Re: State of gdk-pixbuf
- From: Bastien Nocera <hadess hadess net>
- To: Jim Nelson <jim yorba org>
- Cc: gtk-devel-list gnome org, Benjamin Otte <otte gnome org>
- Subject: Re: State of gdk-pixbuf
- Date: Sat, 25 Oct 2014 00:22:26 +0200
On Fri, 2014-10-24 at 09:07 -0700, Jim Nelson wrote:
To chime in with my two cents here:
When we started Shotwell in 2009, we got tremendous mileage out of
GdkPixbuf. We looked into GAGL/BABL at one point and got worried
about speed. (Remember, Shotwell has a non-destructive photo editor,
meaning all transformations are applied at runtime, i.e. whenever the
photo is accessed.) Shotwell's transformation pipeline still uses
GdkPixbuf; I wouldn't be opposed to moving it to pure Cairo, but why
fix what's not broken?
By "nuking the rest" I meant remove from the gdk-pixbuf releases.
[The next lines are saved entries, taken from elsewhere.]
lemma excess_triangle:
  fixes P Q R :: "'a::metric_space set"
  assumes "Q \<noteq> {}"
  shows "excess P R \<le> excess P Q + excess Q R"
proof (cases "P = {}")
  case True
  then show ?thesis by (simp add: excess_def)
next
  case False
  then obtain p where "p \<in> P" by auto
  show ?thesis
  proof (cases "excess Q R = \<infinity>")
    case True
    then show ?thesis using excess_nonneg[OF \<open>p \<in> P\<close>, of Q] by simp
  next
    case False
    then have "R \<noteq> {}" using excess_empty_right[OF assms] by auto
    from assms obtain q0 where "q0 \<in> Q" by auto
    with False obtain q where q: "excess Q R = ereal q"
      using excess_nonneg[OF \<open>q0 \<in> Q\<close>, of R] by (cases "excess Q R") auto
    have "ereal (infdist a R) \<le> excess P Q + ereal q" if "a \<in> P" for a
    proof -
      have "ereal (infdist a R) \<le> ereal (infdist a Q) + ereal q"
        using infdist_le_plus_excess[OF assms \<open>R \<noteq> {}\<close>] q by simp
      also have "ereal (infdist a Q) \<le> excess P Q"
        unfolding excess_eq_SUP_infdist[OF assms] using \<open>a \<in> P\<close> by (rule SUP_upper)
      finally show ?thesis by (simp add: add_right_mono)
    qed
    then have "excess P R \<le> excess P Q + ereal q"
      unfolding excess_eq_SUP_infdist[OF \<open>R \<noteq> {}\<close>, of P] by (rule SUP_least)
    with q show ?thesis by simp
  qed
qed

lemma convex_infdist_le:
  fixes C :: "'a::real_normed_vector set"
  assumes "convex C" "C \<noteq> {}"
  shows "convex {x. infdist x C \<le> d}"
proof (rule convexI)
  fix x y :: 'a and u v :: real
  assume x: "x \<in> {x. infdist x C \<le> d}" and y: "y \<in> {x. infdist x C \<le> d}"
    and uv: "0 \<le> u" "0 \<le> v" "u + v = 1"
  have near: "\<exists>b\<in>C. dist z b < d + e" if "infdist z C \<le> d" "e > 0" for z e
  proof -
    have "(INF b\<in>C. dist z b) < d + e"
      using that by (simp add: infdist_notempty[OF assms(2)])
    then show ?thesis
      using assms(2) by (subst (asm) cINF_less_iff) auto
  qed
  have "infdist (u *\<^sub>R x + v *\<^sub>R y) C \<le> d + e" if "e > 0" for e
  proof -
    obtain b1 where b1: "b1 \<in> C" "dist x b1 < d + e"
      using near x \<open>e > 0\<close> by blast
    obtain b2 where b2: "b2 \<in> C" "dist y b2 < d + e"
      using near y \<open>e > 0\<close> by blast
    have "infdist (u *\<^sub>R x + v *\<^sub>R y) C \<le> dist (u *\<^sub>R x + v *\<^sub>R y) (u *\<^sub>R b1 + v *\<^sub>R b2)"
      using convexD[OF assms(1) b1(1) b2(1) uv] by (rule infdist_le)
    also have "\<dots> = norm (u *\<^sub>R (x - b1) + v *\<^sub>R (y - b2))"
      by (simp add: dist_norm algebra_simps)
    also have "\<dots> \<le> u * dist x b1 + v * dist y b2"
      using norm_triangle_ineq[of "u *\<^sub>R (x - b1)" "v *\<^sub>R (y - b2)"] uv by (simp add: dist_norm)
    also have "\<dots> \<le> u * (d + e) + v * (d + e)"
      using b1 b2 uv by (intro add_mono mult_left_mono) auto
    also have "\<dots> = d + e"
      using uv by (simp add: distrib_right[symmetric])
    finally show ?thesis .
  qed
  then show "u *\<^sub>R x + v *\<^sub>R y \<in> {x. infdist x C \<le> d}"
    by (simp add: field_le_epsilon)
qed

lemma excess_closure_convex_hull_le:
  fixes P Q :: "'a::real_normed_vector set"
  shows "excess (closure (convex hull P)) (convex hull Q) \<le> excess P Q"
proof (cases "P = {}")
  case True
  then show ?thesis by (simp add: excess_def)
next
  case False
  then obtain p where "p \<in> P" by auto
  show ?thesis
  proof (cases "Q = {} \<or> excess P Q = \<infinity>")
    case True
    then show ?thesis using excess_empty_right[OF \<open>P \<noteq> {}\<close>] by auto
  next
    case False
    then have "Q \<noteq> {}" by auto
    from False obtain d where d: "excess P Q = ereal d"
      using excess_nonneg[OF \<open>p \<in> P\<close>, of Q] by (cases "excess P Q") auto
    define K where "K = {x. infdist x (convex hull Q) \<le> d}"
    have "P \<subseteq> K"
    proof
      fix a assume "a \<in> P"
      then have "ereal (infdist a Q) \<le> ereal d"
        unfolding d[symmetric] excess_eq_SUP_infdist[OF \<open>Q \<noteq> {}\<close>] by (rule SUP_upper)
      moreover have "infdist a (convex hull Q) \<le> infdist a Q"
        using \<open>Q \<noteq> {}\<close> by (intro infdist_mono hull_subset)
      ultimately show "a \<in> K" unfolding K_def by simp
    qed
    moreover have "convex K" "closed K"
      unfolding K_def using \<open>Q \<noteq> {}\<close>
      by (auto intro!: convex_infdist_le closed_Collect_le continuous_on_infdist continuous_on_id)
    ultimately have "closure (convex hull P) \<subseteq> K"
      by (intro closure_minimal hull_minimal)
    moreover have "convex hull Q \<noteq> {}" using \<open>Q \<noteq> {}\<close> by simp
    ultimately show ?thesis
      unfolding d by (subst excess_eq_SUP_infdist) (auto intro!: SUP_least simp: K_def)
  qed
qed

lemma dH_eq_max_excess:
  "dH A F G = max (excess ((\<lambda>\<sigma>. \<sigma> A) ` F) ((\<lambda>\<sigma>. \<sigma> A) ` G))
                  (excess ((\<lambda>\<sigma>. \<sigma> A) ` G) ((\<lambda>\<sigma>. \<sigma> A) ` F))"
  unfolding dH_def excess_def by (simp add: image_comp o_def dist_norm norm_minus_commute)

lemma dH_self_le: "dH A F F \<le> 0"
  unfolding dH_eq_max_excess by (simp add: excess_self_le)

lemma dH_nonneg: "F \<noteq> {} \<Longrightarrow> 0 \<le> dH A F G"
  unfolding dH_eq_max_excess by (auto simp: le_max_iff_disj intro: excess_nonneg)

lemma dH_triangle:
  assumes "G \<noteq> {}"
  shows "dH A F H \<le> dH A F G + dH A G H"
proof -
  let ?e = "\<lambda>S. (\<lambda>\<sigma>. \<sigma> A) ` S"
  have G: "?e G \<noteq> {}" using assms by simp
  have "excess (?e F) (?e H) \<le> excess (?e F) (?e G) + excess (?e G) (?e H)"
    by (rule excess_triangle[OF G])
  also have "\<dots> \<le> dH A F G + dH A G H"
    unfolding dH_eq_max_excess by (intro add_mono max.cobounded1)
  finally have FH: "excess (?e F) (?e H) \<le> dH A F G + dH A G H" .
  have "excess (?e H) (?e F) \<le> excess (?e G) (?e F) + excess (?e H) (?e G)"
    using excess_triangle[OF G, of "?e H" "?e F"] by (simp add: add.commute)
  also have "\<dots> \<le> dH A F G + dH A G H"
    unfolding dH_eq_max_excess by (intro add_mono max.cobounded2)
  finally show ?thesis
    using FH unfolding dH_eq_max_excess[of A F H] by simp
qed

lemma topspace_hyper_top [simp]: "topspace (hyper_top S) = S"
  unfolding hyper_top_def topology_generated_by_topspace
proof (intro equalityI subsetI)
  fix F assume "F \<in> S"
  let ?B = "{G \<in> S. dH undefined F G < ereal 1}"
  have "F \<in> ?B"
    using \<open>F \<in> S\<close> dH_self_le[of undefined F] by (simp add: zero_ereal_def order_le_less_trans)
  moreover have "?B \<in> {{G \<in> S. dH A F G < ereal \<epsilon>} | F A \<epsilon>. F \<in> S \<and> \<epsilon> > 0}"
    using \<open>F \<in> S\<close> by (intro CollectI exI[of _ F] exI[of _ undefined] exI[of _ "1::real"]) simp
  ultimately show "F \<in> \<Union>{{G \<in> S. dH A F G < ereal \<epsilon>} | F A \<epsilon>. F \<in> S \<and> \<epsilon> > 0}"
    by (rule UnionI[rotated])
qed auto

lemma openin_hyper_top_ball:
  assumes "F \<in> S" "\<epsilon> > 0"
  shows "openin (hyper_top S) {G \<in> S. dH A F G < ereal \<epsilon>}"
  unfolding hyper_top_def
  by (rule topology_generated_by_Basis, rule CollectI, intro exI[of _ F] exI[of _ A] exI[of _ \<epsilon>])
    (use assms in auto)

lemma continuous_map_hyper_top:
  assumes maps: "\<And>F. F \<in> S \<Longrightarrow> h F \<in> T" and nonempty: "{} \<notin> T"
    and nonexpansive: "\<And>F G A. F \<in> S \<Longrightarrow> G \<in> S \<Longrightarrow> dH A (h F) (h G) \<le> dH A F G"
  shows "continuous_map (hyper_top S) (hyper_top T) h"
  unfolding hyper_top_def[of T]
proof (rule continuous_on_generated_topo)
  fix U assume "U \<in> {{G \<in> T. dH A F G < ereal \<epsilon>} | F A \<epsilon>. F \<in> T \<and> \<epsilon> > 0}"
  then obtain C A \<epsilon> where U: "U = {G \<in> T. dH A C G < ereal \<epsilon>}" and "C \<in> T"
    by blast
  show "openin (hyper_top S) (h -` U \<inter> topspace (hyper_top S))"
  proof (subst openin_subopen, intro ballI)
    fix F assume F: "F \<in> h -` U \<inter> topspace (hyper_top S)"
    then have "F \<in> S" "dH A C (h F) < ereal \<epsilon>" using U by auto
    moreover have "0 \<le> dH A C (h F)" using \<open>C \<in> T\<close> nonempty by (intro dH_nonneg) auto
    ultimately obtain r where r: "dH A C (h F) = ereal r" "r < \<epsilon>"
      by (cases "dH A C (h F)") auto
    define B where "B = {G \<in> S. dH A F G < ereal (\<epsilon> - r)}"
    have "openin (hyper_top S) B"
      unfolding B_def using \<open>F \<in> S\<close> r(2) by (intro openin_hyper_top_ball) auto
    moreover have "F \<in> B"
      using \<open>F \<in> S\<close> dH_self_le[of A F] r(2) by (simp add: B_def zero_ereal_def order_le_less_trans)
    moreover have "B \<subseteq> h -` U \<inter> topspace (hyper_top S)"
    proof
      fix G assume "G \<in> B"
      then have "G \<in> S" and close: "dH A F G < ereal (\<epsilon> - r)" by (auto simp: B_def)
      have "dH A C (h G) \<le> dH A C (h F) + dH A (h F) (h G)"
        using maps[OF \<open>F \<in> S\<close>] nonempty by (intro dH_triangle) auto
      also have "\<dots> \<le> ereal r + dH A F G"
        using r(1) nonexpansive[OF \<open>F \<in> S\<close> \<open>G \<in> S\<close>] by (simp add: add_left_mono)
      also have "\<dots> < ereal \<epsilon>"
        using close by (cases "dH A F G") auto
      finally show "G \<in> h -` U \<inter> topspace (hyper_top S)"
        using \<open>G \<in> S\<close> maps[OF \<open>G \<in> S\<close>] U by auto
    qed
    ultimately show "\<exists>B. openin (hyper_top S) B \<and> F \<in> B \<and> B \<subseteq> h -` U \<inter> topspace (hyper_top S)"
      by blast
  qed
next
  show "h ` topspace (hyper_top S) \<subseteq> \<Union>{{G \<in> T. dH A F G < ereal \<epsilon>} | F A \<epsilon>. F \<in> T \<and> \<epsilon> > 0}"
    using topspace_hyper_top[of T, unfolded hyper_top_def topology_generated_by_topspace] maps
    by auto
qed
You
could still copy/paste the utility functions that do blending,
compositing, copying, etc. Or move them to a library that doesn't have
the same API guarantees that gdk-pixbuf needs to have. That's still some
ways off.
GdkPixbuf's photo loaders saved us a lot of work (although we got bit
by the large-image bugs discussed previously). Also, LibRaw produces
bitmap data that's in the exact format as GdkPixbuf, and so we could
plug in those buffers without touching the bytes.
I would expect that using using babl storage internally would diminish
the memory usage. That's probably something that I'll look at next week.
We could certainly nuke the rest if we think that other libraries
would be better equipped for resizing, clipping, scaling, and
compositing.
Compositing I wouldn't miss, but the other operations ... if you need
to load an image, do a quick operation on it, and get it into a widget
or on the screen, GdkPixbuf is the way to go.
Right. Those are mostly utility functions. You could, right now, use
pixman instead of gdk-pixbuf to resize for example. That would be much
faster than gdk-pixbuf. If somebody is interested in porting the pixops
to pixman, we'd all owe that person a debt of gratitude ;)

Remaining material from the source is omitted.